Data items
(* Let $p>5$ be a prime, $q=p^h$, and let $\mathcal{F}$ be the projective closure of $ax^ny^m+x^n+y^m=1$ over $\mathbb{F}_q$, where $a\in\mathbb{F}_q$, $a\ne0$, $a\neq-1$, and $m,n$ are positive integers with $p\nmid mn$, $n\ge m$, $\min\{m,n\}>2$. If $\mathcal{F}$ is nonclassical with respect to conics, then $p\mid(n+1)(n-1)$ and $p\mid(m+1)(m-1)$.
   Context: With $\varphi_0,\dots,\varphi_5$ the monomials of degree 2 in $x,y,1$, $\tau$ separating and $D^{(k)}_\tau$ Hasse derivatives, the order sequence w.r.t. conics is the lexicographically smallest $\varepsilon_0<\dots<\varepsilon_5$ with $\det(D^{(\varepsilon_i)}_\tau\varphi_j)\ne0$; the curve is classical w.r.t. conics if $\varepsilon_i=i$ for all $i$, nonclassical otherwise. *)

theory Defs
  imports Main "Jordan_Normal_Form.Determinant" "HOL-Computational_Algebra.Polynomial"
begin

(* The function field of the curve is modelled as the subfield K(x,y) of an ambient field
   'b, generated by the image of F_q under a field embedding emb together with x and y. *)

definition field_embedding :: "('a::field \<Rightarrow> 'b::field) \<Rightarrow> bool" where
  "field_embedding emb \<longleftrightarrow> emb 1 = 1 \<and>
     (\<forall>c d. emb (c + d) = emb c + emb d) \<and> (\<forall>c d. emb (c * d) = emb c * emb d)"

definition transcendental_over :: "('a::field \<Rightarrow> 'b::field) \<Rightarrow> 'b \<Rightarrow> bool" where
  "transcendental_over emb x \<longleftrightarrow>
     (\<forall>P :: 'a poly. P \<noteq> 0 \<longrightarrow> poly (map_poly emb P) x \<noteq> 0)"

inductive_set gen_field :: "('a::field \<Rightarrow> 'b::field) \<Rightarrow> 'b \<Rightarrow> 'b \<Rightarrow> 'b set"
  for emb x y where
  const: "emb c \<in> gen_field emb x y"
| genx: "x \<in> gen_field emb x y"
| geny: "y \<in> gen_field emb x y"
| add: "u \<in> gen_field emb x y \<Longrightarrow> v \<in> gen_field emb x y \<Longrightarrow> u + v \<in> gen_field emb x y"
| mult: "u \<in> gen_field emb x y \<Longrightarrow> v \<in> gen_field emb x y \<Longrightarrow> u * v \<in> gen_field emb x y"
| uminus: "u \<in> gen_field emb x y \<Longrightarrow> - u \<in> gen_field emb x y"
| inverse: "u \<in> gen_field emb x y \<Longrightarrow> inverse u \<in> gen_field emb x y"
(* Let $M$ be a matroid on $E$ whose dual is transversal with maximal presentation $\mathcal A=(A_1,\ldots,A_r)$, $r=r^*(M)$; let $e\in E$, ordered so that for some $k\in[r]$, $e\in A_i$ iff $i\le k$. Let $G$ be a minimal $(e,\mathcal A)$-presenting graph on vertex set $[k]$ for which the identity map is the presenting map. If $G$ is a tree with edge set $\{\{i_1,j_1\},\ldots,\{i_{k-1},j_{k-1}\}\}$, then $$(\mathrm{cl}_{M\backslash e}(A_{i_1}\cup A_{j_1}-e),\ldots,\mathrm{cl}_{M\backslash e}(A_{i_{k-1}}\cup A_{j_{k-1}}-e),A_{k+1},\ldots,A_r)$$ is a presentation of $(M\backslash e)^*$.
   Context: $M^*=M[\mathcal A]$, the transversal matroid whose independent sets are the partial transversals of $\mathcal A$; the presentation is maximal if every $A_i$ is a cyclic flat of $M$ (a flat that is a union of circuits). For $X\subseteq E$: $\mathcal A(X)=\{i:A_i\subseteq X\}$, $\mathcal A_e(X)=\{i\in\mathcal A(X): e\in A_i\}$, and $G[U]$ is the induced subgraph on $U$. A graph with vertex set $\mathcal A_e(E)=[k]$ is $(e,\mathcal A)$-presenting if for all distinct $i,j$ the graph $G[\mathcal A_e(\mathrm{cl}_M(A_i\cup A_j))]$ is connected; minimal if deleting any one edge destroys this property. *)

theory Defs
  imports Main
begin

# Task details:
Among the records above, a stretch begins at the line containing "y \<Longrightarrow> u *" and ends at the line containing "y \<Longrightarrow> inverse". Restate that stretch word for word, and nothing else.

# Solution:
| mult: "u \<in> gen_field emb x y \<Longrightarrow> v \<in> gen_field emb x y \<Longrightarrow> u * v \<in> gen_field emb x y"
| uminus: "u \<in> gen_field emb x y \<Longrightarrow> - u \<in> gen_field emb x y"
| inverse: "u \<in> gen_field emb x y \<Longrightarrow> inverse u \<in> gen_field emb x y"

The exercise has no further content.